Michael - this ccTLD nightmare may actually be an outgrowth of the way in
which DNS was architected, and to a large extent may be based in that DNS
services are not like telephone numbering. Also there is the issue that the
DNS of today (BIND 9.x) is really still only designed for a single root
system through a single registrar so global scaling and the need to offer
billions of name possibilities were never considered. Especially when some
of these names would need to be "identical" to others.
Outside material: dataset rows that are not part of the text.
(* Let $X=[-1,1]\times\mathbb{R}$ with the Lorentzian metric $g=-dt^2+ds^2$. Equip $X$ with the metric \[ d_{\mathrm N}(x,y)=\operatorname*{ess\,sup}_{z\in X}\big|\,|\sigma(x,z)|-|\sigma(y,z)|\,\big|. \] Then no continuous curve $c\colon[0,1]\to X$ with $x_2(c(0))\neq x_2(c(1))$ is $d_{\mathrm N}$-rectifiable.
   Context: The signed Lorentzian distance $\sigma$ of $g$ is defined as follows, with the supremum taken over causal curves $c$ from $x$ to $y$ and $l(c)=\int\sqrt{-g(c',c')}$: \begin{itemize} \item $\sigma(x,y)=\sup l(c)$ if $y$ lies in the causal future of $x$; \item $\sigma(x,y)=-\sup l(c)$ if $y$ lies in the causal past of $x$; \item $\sigma(x,y)=0$ otherwise. \end{itemize} The essential supremum is with respect to Lebesgue measure. $x_2$ denotes the second coordinate $s$. A curve is $d_{\mathrm N}$-rectifiable if $\sup\sum_i d_{\mathrm N}(c(t_{i-1}),c(t_i))<\infty$, the supremum being over all finite partitions $0=t_0<\dots<t_N=1$. *)

theory Defs
  imports "HOL-Analysis.Analysis" "HOL-Probability.Essential_Supremum"
begin

text \<open>The strip X = [-1,1] x R, points are pairs (t,s); t time coordinate, s = x_2.\<close>
definition strip :: "(real \<times> real) set" where
  "strip = {-1..1} \<times> UNIV"

definition gL :: "real \<times> real \<Rightarrow> real \<times> real \<Rightarrow> real" where
  "gL v w = - fst v * fst w + snd v * snd w"

definition future_causal_curve :: "(real \<Rightarrow> real \<times> real) \<Rightarrow> real \<times> real \<Rightarrow> real \<times> real \<Rightarrow> bool" where
  "future_causal_curve c x y \<longleftrightarrow>
     c piecewise_C1_differentiable_on {0..1} \<and> c ` {0..1} \<subseteq> strip \<and> c 0 = x \<and> c 1 = y \<and>
     (\<forall>t\<in>{0..1}. c differentiable (at t within {0..1}) \<longrightarrow>
        (let v = vector_derivative c (at t within {0..1}) in gL v v \<le> 0 \<and> fst v \<ge> 0))"

definition past_causal_curve :: "(real \<Rightarrow> real \<times> real) \<Rightarrow> real \<times> real \<Rightarrow> real \<times> real \<Rightarrow> bool" where
  "past_causal_curve c x y \<longleftrightarrow>
     c piecewise_C1_differentiable_on {0..1} \<and> c ` {0..1} \<subseteq> strip \<and> c 0 = x \<and> c 1 = y \<and>
     (\<forall>t\<in>{0..1}. c differentiable (at t within {0..1}) \<longrightarrow>
        (let v = vector_derivative c (at t within {0..1}) in gL v v \<le> 0 \<and> fst v \<le> 0))"

definition lor_length :: "(real \<Rightarrow> real \<times> real) \<Rightarrow> real" where
  "lor_length c = integral {0..1}
     (\<lambda>t. let v = vector_derivative c (at t within {0..1}) in sqrt (- gL v v))"

definition causal_future :: "real \<times> real \<Rightarrow> (real \<times> real) set" where
  "causal_future x = {y. \<exists>c. future_causal_curve c x y}"

definition causal_past :: "real \<times> real \<Rightarrow> (real \<times> real) set" where
  "causal_past x = {y. \<exists>c. past_causal_curve c x y}"

definition sigma :: "real \<times> real \<Rightarrow> real \<times> real \<Rightarrow> real" where
  "sigma x y =
     (if y \<in> causal_future x then Sup (lor_length ` {c. future_causal_curve c x y})
      else if y \<in> causal_past x then - Sup (lor_length ` {c. past_causal_curve c x y})
      else 0)"

definition dN :: "real \<times> real \<Rightarrow> real \<times> real \<Rightarrow> ereal" where
  "dN x y = esssup (lebesgue_on strip)
     (\<lambda>z. ereal \<bar>\<bar>sigma x z\<bar> - \<bar>sigma y z\<bar>\<bar>)"

definition dN_rectifiable :: "(real \<Rightarrow> real \<times> real) \<Rightarrow> bool" where
  "dN_rectifiable c \<longleftrightarrow>
     (SUP (N, t) \<in> {(N::nat, t::nat \<Rightarrow> real). t 0 = 0 \<and> t N = 1 \<and> (\<forall>i<N. t i < t (Suc i))}.
        (\<Sum>i\<in>{1..N}. dN (c (t (i - 1))) (c (t i)))) < \<infinity>"

end

theory Submission
  imports Defs
begin

(* Causal curves stay inside the null cones |ds| <= |dt|, so sigma(x,z) = 0 whenever z is
   spacelike to x, while straight lines give |sigma(x,z)| >= sqrt(dt^2 - ds^2) for timelike z.
   If p and q are close and their s-coordinates differ by delta > 0, a square of side delta/4
   just inside the light cone of p, on the side away from q, consists of points at proper time
   at least sqrt(delta)/4 from p but spacelike to q; as it has positive measure,
   d_N(p,q) >= sqrt(delta)/4.  Along a fine partition of c with s-increments delta_i <= rho
   this gives a d_N-length at least sum sqrt(delta_i)/4 >= |s(c 1) - s(c 0)| / (4 sqrt rho),
   which is unbounded as rho tends to 0. *)

lemma has_integral_le_off_finite:
  fixes g h :: "real \<Rightarrow> real"
  assumes g: "(g has_integral i) {a..b}" and h: "(h has_integral j) {a..b}"
    and S: "finite S" and le: "\<And>x. x \<in> {a<..<b} - S \<Longrightarrow> g x \<le> h x"
  shows "i \<le> j"
proof -
  let ?S = "S \<union> {a, b}"
  have "((\<lambda>x. if x \<in> ?S then 0 else g x) has_integral i) {a..b}"
    by (rule has_integral_spike_finite[OF _ _ g, of ?S]) (use S in auto)
  moreover have "((\<lambda>x. if x \<in> ?S then 0 else h x) has_integral j) {a..b}"
    by (rule has_integral_spike_finite[OF _ _ h, of ?S]) (use S in auto)
  ultimately show ?thesis
    by (rule has_integral_le) (use le in force)
qed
Likewise the BIND
protocol is only a delivery mechanism and is not capable of managing the DNS
infrastructure it supports further complicating the process.

With that said let me propose that should have happened is that the
country-code (what now is the ccTLD URL anchoring nomenclature) might have
been made the prefix on the URL as opposed to a part of the URL itself. This
would have allowed an essentially  infinite number of possibilities for the
dot com, net and org domains since each  ccTLD code would have its own set
of dot whatever's. Then to round this off, all we would need some globally
"equated" names as well for folks like Cocacola or other global players.
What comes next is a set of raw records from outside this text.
lemma join_irreducible_reflection_eq_gamma:
  assumes mM: "1 \<le> m" "m < M" "M \<le> n"
    and ji: "join_irreducible n g" and refl: "has_left_reflection n g (transpose m M)"
  obtains S where "g = gamma_of n (arc n m M S)"
proof -
  have g: "g \<in> perms n" using ji unfolding join_irreducible_def by blast
  obtain i where i: "1 \<le> i" "i < n" "g i = M" "g (Suc i) = m"
    using refl has_left_reflection_iff[OF g mM(2)] by blast
  have desc: "g (Suc i) < g i" using i mM by simp
  have asc: "g j < g (Suc j)" if "1 \<le> j" "j < n" "j \<noteq> i" for j
  proof (rule ccontr)
    assume "\<not> g j < g (Suc j)"
    moreover have "g j \<noteq> g (Suc j)" using perms_inj[OF g, of j "Suc j"] by auto
    ultimately have "g (Suc j) < g j" by simp
    then show False using join_irreducible_descent_unique[OF ji i(1,2) desc that(1,2)] that(3) by simp
  qed
  define A where "A = g ` {Suc i..n}"
  note D = single_descent_cut_inversions[OF g i(2) asc, folded A_def]
    single_descent_image_arc[OF g i(1,2) asc, folded A_def, unfolded i(3,4)]
  have "inv_set n (gamma_of n (arc n m M A)) = cut_inversions n (arc n m M A)"
    by (rule gamma_of_perm_inv_set(2)[OF arc_subset[OF mM]])
  also have "\<dots> = inv_set n g"
    using arg_cong[OF D(2)[symmetric], of "cut_inversions n"] D(1) by simp
  finally have "g = gamma_of n (arc n m M A)"
    using inv_set_inj[OF g gamma_of_perm_inv_set(1)[OF arc_subset[OF mM]]] by simp
  then show ?thesis by (rule that)
qed

lemma gamma_of_arc_join_irreducible:
  fixes S :: "nat set"
  assumes mM: "1 \<le> m" "m < M" "M \<le> n"
  defines "\<gamma> \<equiv> gamma_of n (arc n m M S)"
  shows "join_irreducible n \<gamma>" "has_left_reflection n \<gamma> (transpose m M)"
    "lower_cover n \<gamma> \<in> perms n"
    "inv_set n (lower_cover n \<gamma>) = cut_inversions n (arc n m M S) - {(m,M)}"
proof -
  define k where "k = card ({1..n} - arc n m M S)"
  note gamma = gamma_of_perm_inv_set[OF arc_subset[OF mM], of S, folded \<gamma>_def]
  note k = gamma_of_arc_descent[OF mM, of S, folded \<gamma>_def k_def]
  note J = join_irreducible_of_cut_inversions[OF mM gamma k]
  show "join_irreducible n \<gamma>" by (rule J(1))
  show "has_left_reflection n \<gamma> (transpose m M)"
    using has_left_reflection_iff[OF gamma(1) mM(2)] k by blast
  show "lower_cover n \<gamma> \<in> perms n"
    unfolding J(2) using perms_comp_simple_transp[OF gamma(1) k(1,2)] .
  show "inv_set n (lower_cover n \<gamma>) = cut_inversions n (arc n m M S) - {(m,M)}"
    unfolding J(2) using inv_set_comp_simple_transp[OF gamma(1) k(1,2)] k mM gamma(2) by simp
qed

section \<open>A congruence preserving the unforced inversions\<close>

lemma diagram_edgesE:
  assumes "(s,t) \<in> diagram_edges n up"
  obtains b where "2 \<le> b" "b \<le> n - 1"
    "(s,t) = (if up b then (simple_transp b, simple_transp (b - 1))
              else (simple_transp (b - 1), simple_transp b))"
  using assms unfolding diagram_edges_def by auto

lemma diagram_edge_inv_sets:
  assumes b: "2 \<le> b" "b \<le> n - 1"
    and st: "(s,t) = (if up b then (simple_transp b, simple_transp (b - 1))
                      else (simple_transp (b - 1), simple_transp b))"
  shows "(s,t) \<in> diagram_edges n up" "t \<in> perms n" "t \<circ> s \<in> perms n"
    "inv_set n t = (if up b then {(b - 1, b)} else {(b, Suc b)})"
    "inv_set n (t \<circ> s) = insert (b - 1, Suc b) (inv_set n t)"
proof -
  have sb: "Suc (b - 1) = b" using b by auto
  show "(s,t) \<in> diagram_edges n up"
    using b st unfolding diagram_edges_def by (cases "up b") auto
  show "inv_set n (t \<circ> s) = insert (b - 1, Suc b) (inv_set n t)"
  proof (cases "up b")
    case True
    then have "s = simple_transp b" "t = simple_transp (b - 1)" using st by auto
    moreover have "simple_transp (b - 1) b = b - 1" "simple_transp (b - 1) (Suc b) = Suc b"
      using sb unfolding simple_transp_def by (auto simp: transpose_def)
    ultimately show ?thesis
      using inv_set_comp_simple_transp[OF simple_transp_in_perms, of "b - 1" n b] b by auto
  next
    case False
    then have "s = simple_transp (b - 1)" "t = simple_transp b" using st by auto
    moreover have "simple_transp b (b - 1) = b - 1" "simple_transp b (Suc (b - 1)) = Suc b"
      using sb b unfolding simple_transp_def by (auto simp: transpose_def)
    ultimately show ?thesis
      using inv_set_comp_simple_transp[OF simple_transp_in_perms, of b n "b - 1"] b sb by auto
  qed
  show "t \<in> perms n" "t \<circ> s \<in> perms n"
    using st b simple_transp_in_perms perms_comp_simple_transp
    by (auto split: if_splits simp del: One_nat_def)
  show "inv_set n t = (if up b then {(b - 1, b)} else {(b, Suc b)})"
    using st b inv_set_simple_transp[of "b - 1" n] inv_set_simple_transp[of b n] sb
    by (auto split: if_splits)
qed

definition forced :: "(nat \<Rightarrow> bool) \<Rightarrow> (nat \<times> nat) set \<Rightarrow> nat \<Rightarrow> nat \<Rightarrow> bool" where
  "forced up S p q \<longleftrightarrow> (\<exists>d. p < d \<and> d < q \<and> ((up d \<and> (p,d) \<in> S) \<or> (\<not> up d \<and> (d,q) \<in> S)))"

definition unforced_inversions :: "(nat \<Rightarrow> bool) \<Rightarrow> (nat \<times> nat) set \<Rightarrow> (nat \<times> nat) set" where
  "unforced_inversions up S = {(p,q) \<in> S. \<not> forced up S p q}"

definition forced_edges :: "nat \<Rightarrow> (nat \<Rightarrow> bool) \<Rightarrow> ((nat \<Rightarrow> nat) \<times> (nat \<Rightarrow> nat)) set" where
  "forced_edges n up = {(u,v). u \<in> perms n \<and> v \<in> perms n \<and> (\<exists>p q. (p,q) \<notin> inv_set n u \<and>
      inv_set n v = insert (p,q) (inv_set n u) \<and> forced up (inv_set n v) p q)}"

definition forced_cong :: "nat \<Rightarrow> (nat \<Rightarrow> bool) \<Rightarrow> ((nat \<Rightarrow> nat) \<times> (nat \<Rightarrow> nat)) set" where
  "forced_cong n up = {(x,y). x \<in> perms n \<and> y \<in> perms n \<and>
      (x,y) \<in> (forced_edges n up \<union> (forced_edges n up)\<inverse>)\<^sup>*}"

lemma forced_edgesE:
  assumes "(u,v) \<in> forced_edges n up"
  obtains p q where "u \<in> perms n" "v \<in> perms n" "(p,q) \<notin> inv_set n u"
    "inv_set n v = insert (p,q) (inv_set n u)" "forced up (inv_set n v) p q"
  using assms unfolding forced_edges_def by blast

lemma forced_insert_self: "a < c \<Longrightarrow> forced up (insert (a,c) U) a c \<longleftrightarrow> forced up U a c"
  unfolding forced_def by auto

text \<open>Adding a forced inversion \<open>(a,c)\<close> forces no other inversion: an inversion forced
  through \<open>(a,c)\<close> is, by biclosedness, already forced through the element forcing \<open>(a,c)\<close>.\<close>

lemma forced_insert_iff:
  assumes U: "biclosed n U" and ac: "(a,c) \<notin> U" "forced up U a c" and pq: "(p,q) \<in> U"
  shows "forced up (insert (a,c) U) p q \<longleftrightarrow> forced up U p q"
proof
  note B = biclosedD[OF U]
  obtain d0 where d0: "a < d0" "d0 < c" "(up d0 \<and> (a,d0) \<in> U) \<or> (\<not> up d0 \<and> (d0,c) \<in> U)"
    using ac(2) unfolding forced_def by blast
  assume "forced up (insert (a,c) U) p q"
  then obtain d where d: "p < d" "d < q"
    "(up d \<and> (p,d) \<in> insert (a,c) U) \<or> (\<not> up d \<and> (d,q) \<in> insert (a,c) U)"
    unfolding forced_def by blast
  consider "(up d \<and> (p,d) \<in> U) \<or> (\<not> up d \<and> (d,q) \<in> U)"
    | "up d" "p = a" "d = c" | "\<not> up d" "d = a" "q = c"
    using d by auto
  then show "forced up U p q"
  proof cases
    case 1
    then show ?thesis using d unfolding forced_def by blast
  next
    case 2
    then have "(c,q) \<in> U" using B(3)[of a q c] pq d ac(1) d0 by auto
    then show ?thesis unfolding forced_def using d0 2 d B(2)[of d0 c q] by (intro exI[of _ d0]) auto
  next
    case 3
    then have "(p,a) \<in> U" using B(3)[of p c a] pq d ac(1) d0 by auto
    then show ?thesis unfolding forced_def using d0 3 d B(2)[of p a d0] by (intro exI[of _ d0]) auto
  qed
qed (auto simp: forced_def)

lemma unforced_inversions_forced_edge:
  assumes "(u,v) \<in> forced_edges n up"
  shows "unforced_inversions up (inv_set n u) = unforced_inversions up (inv_set n v)"
proof -
  obtain a c where u: "u \<in> perms n" and ac: "(a,c) \<notin> inv_set n u"
    and V: "inv_set n v = insert (a,c) (inv_set n u)" and forced_ac: "forced up (inv_set n v) a c"
    using assms by (rule forced_edgesE)
  have "a < c" using forced_ac unfolding forced_def by auto
  then have "forced up (inv_set n u) a c" using forced_insert_self forced_ac V by metis
  then show ?thesis
    using forced_insert_iff[OF inv_set_biclosed[OF u] ac] forced_ac ac
    unfolding unforced_inversions_def V by auto
qed

text \<open>\<open>forced_between up S T p q\<close> makes \<open>(p,q)\<close> forced in every biclosed set containing it
  that lies between \<open>S\<close> and \<open>T\<close>.\<close>

definition forced_between :: "(nat \<Rightarrow> bool) \<Rightarrow> (nat \<times> nat) set \<Rightarrow> (nat \<times> nat) set \<Rightarrow> nat \<Rightarrow> nat \<Rightarrow> bool" where
  "forced_between up S T p q \<longleftrightarrow> (\<exists>d. p < d \<and> d < q \<and>
     ((up d \<and> ((p,d) \<in> S \<or> (d,q) \<notin> T)) \<or> (\<not> up d \<and> ((d,q) \<in> S \<or> (p,d) \<notin> T))))"

lemma forced_edge_of_ascent:
  assumes s: "s \<in> perms n" and sub: "inv_set n s \<subseteq> inv_set n t"
    and i: "1 \<le> i" "i < n" "s i < s (Suc i)" "(s i, s (Suc i)) \<in> inv_set n t"
    and W: "forced_between up (inv_set n s) (inv_set n t) (s i) (s (Suc i))"
  shows "(s, s \<circ> simple_transp i) \<in> forced_edges n up"
proof -
  let ?s' = "s \<circ> simple_transp i"
  have s': "?s' \<in> perms n" using perms_comp_simple_transp[OF s i(1,2)] .
  have Is': "inv_set n ?s' = insert (s i, s (Suc i)) (inv_set n s)"
    using inv_set_comp_simple_transp[OF s i(1,2)] i(3) by simp
  have notin: "(s i, s (Suc i)) \<notin> inv_set n s"
    using s by (simp add: inv_set_iff perms_iff_permutes permutes_inverses)
  obtain d where d: "s i < d" "d < s (Suc i)"
    "(up d \<and> ((s i,d) \<in> inv_set n s \<or> (d, s (Suc i)) \<notin> inv_set n t)) \<or>
     (\<not> up d \<and> ((d, s (Suc i)) \<in> inv_set n s \<or> (s i, d) \<notin> inv_set n t))"
    using W unfolding forced_between_def by blast
  have "(s i, d) \<in> inv_set n ?s' \<or> (d, s (Suc i)) \<in> inv_set n ?s'"
    using biclosedD(3)[OF inv_set_biclosed[OF s']] Is' d(1,2) by blast
  moreover have "inv_set n ?s' \<subseteq> inv_set n t" using Is' sub i(4) by auto
  ultimately have "forced up (inv_set n ?s') (s i) (s (Suc i))"
    unfolding forced_def using d Is' by blast
  then show ?thesis unfolding forced_edges_def using s s' Is' notin by blast
qed

lemma forced_edges_chain:
  assumes "s \<in> perms n" "t \<in> perms n" "inv_set n s \<subseteq> inv_set n t"
    "\<forall>(p,q) \<in> inv_set n t - inv_set n s. forced_between up (inv_set n s) (inv_set n t) p q"
  shows "(s,t) \<in> (forced_edges n up)\<^sup>*"
  using assms
proof (induction "card (inv_set n t - inv_set n s)" arbitrary: s rule: less_induct)
  case less
  note s = less.prems(1) and t = less.prems(2) and sub = less.prems(3) and W = less.prems(4)
  show ?case
  proof (cases "inv_set n s = inv_set n t")
    case True
    then show ?thesis using inv_set_inj[OF s t] by simp
  next
    case False
    obtain i where i: "1 \<le> i" "i < n" "s i < s (Suc i)" "(s i, s (Suc i)) \<in> inv_set n t"
      using exists_ascent_inverted[OF s t sub False] by blast
    define s' where "s' = s \<circ> simple_transp i"
    have Is': "inv_set n s' = insert (s i, s (Suc i)) (inv_set n s)"
      unfolding s'_def using inv_set_comp_simple_transp[OF s i(1,2)] i(3) by simp
    have notin: "(s i, s (Suc i)) \<notin> inv_set n s"
      using s by (simp add: inv_set_iff perms_iff_permutes permutes_inverses)
    have s': "s' \<in> perms n" unfolding s'_def by (rule perms_comp_simple_transp[OF s i(1,2)])
    have sub': "inv_set n s' \<subseteq> inv_set n t" using Is' sub i(4) by auto
    have "(s, s') \<in> forced_edges n up"
      unfolding s'_def using forced_edge_of_ascent[OF s sub i] W i(4) notin by blast
    moreover have "(s', t) \<in> (forced_edges n up)\<^sup>*"
    proof (rule less.hyps)
      have "finite (inv_set n t - inv_set n s)"
        using inv_set_subset[OF t] finite_inversion_pairs by (meson finite_Diff finite_subset)
      then show "card (inv_set n t - inv_set n s') < card (inv_set n t - inv_set n s)"
        using Is' notin i(4) by (intro psubset_card_mono) auto
      show "\<forall>(p,q) \<in> inv_set n t - inv_set n s'. forced_between up (inv_set n s') (inv_set n t) p q"
        using W Is' unfolding forced_between_def by blast
    qed (use s' t sub' in auto)
    ultimately show ?thesis by (meson converse_rtrancl_into_rtrancl)
  qed
qed

lemma rtrancl_inversion_pairs_le: "(x,y) \<in> R\<^sup>* \<Longrightarrow> R \<subseteq> inversion_pairs n \<Longrightarrow> x \<le> y"
  by (induction rule: rtrancl_induct) (auto simp: inversion_pairs_def)

lemma forced_edge_witness:
  assumes "(u,v) \<in> forced_edges n up"
  obtains a c d where "u \<in> perms n" "v \<in> perms n" "(a,c) \<notin> inv_set n u"
    "inv_set n v = insert (a,c) (inv_set n u)" "a < d" "d < c"
    "up d \<and> (a,d) \<in> inv_set n u \<and> (d,c) \<notin> inv_set n u \<or>
     \<not> up d \<and> (d,c) \<in> inv_set n u \<and> (a,d) \<notin> inv_set n u"
proof -
  obtain a c where uv: "u \<in> perms n" "v \<in> perms n" and ac: "(a,c) \<notin> inv_set n u"
    and V: "inv_set n v = insert (a,c) (inv_set n u)" and forced_ac: "forced up (inv_set n v) a c"
    using assms by (rule forced_edgesE)
  obtain d where d: "a < d" "d < c" "(up d \<and> (a,d) \<in> inv_set n v) \<or> (\<not> up d \<and> (d,c) \<in> inv_set n v)"
    using forced_ac unfolding forced_def by blast
  then have "up d \<and> (a,d) \<in> inv_set n u \<or> \<not> up d \<and> (d,c) \<in> inv_set n u" using V by auto
  then have "up d \<and> (a,d) \<in> inv_set n u \<and> (d,c) \<notin> inv_set n u \<or>
     \<not> up d \<and> (d,c) \<in> inv_set n u \<and> (a,d) \<notin> inv_set n u"
    using biclosedD(2)[OF inv_set_biclosed[OF uv(1)]] ac by blast
  then show ?thesis using that uv ac V d(1,2) by blast
qed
So something like "http://[us]www.nasa.gov" would have the [us] country code
in the URL and would have been NASA globally, but to keep things simple the
already existing "http://www.nasa.gov" would have been the same from within
our TLD.

Such a mindset would also allow for us to do "[us1], [us2], and [us..X] zone
names such that the underlying marks (the textual representation of the
URL's) could be identical. It is no more confusing than the use of ccTLD's
now to achieve the required physical expansion of namespace.

My feeling is that this model would have required simple additions on the
processing of DNS to make real and would have saved a ton of pain in the TLD
creation since each TLD would only need to support its own root servers to
step in here. This means that registrars or Countries could set up their own
TLD's which is what true privatization should enable.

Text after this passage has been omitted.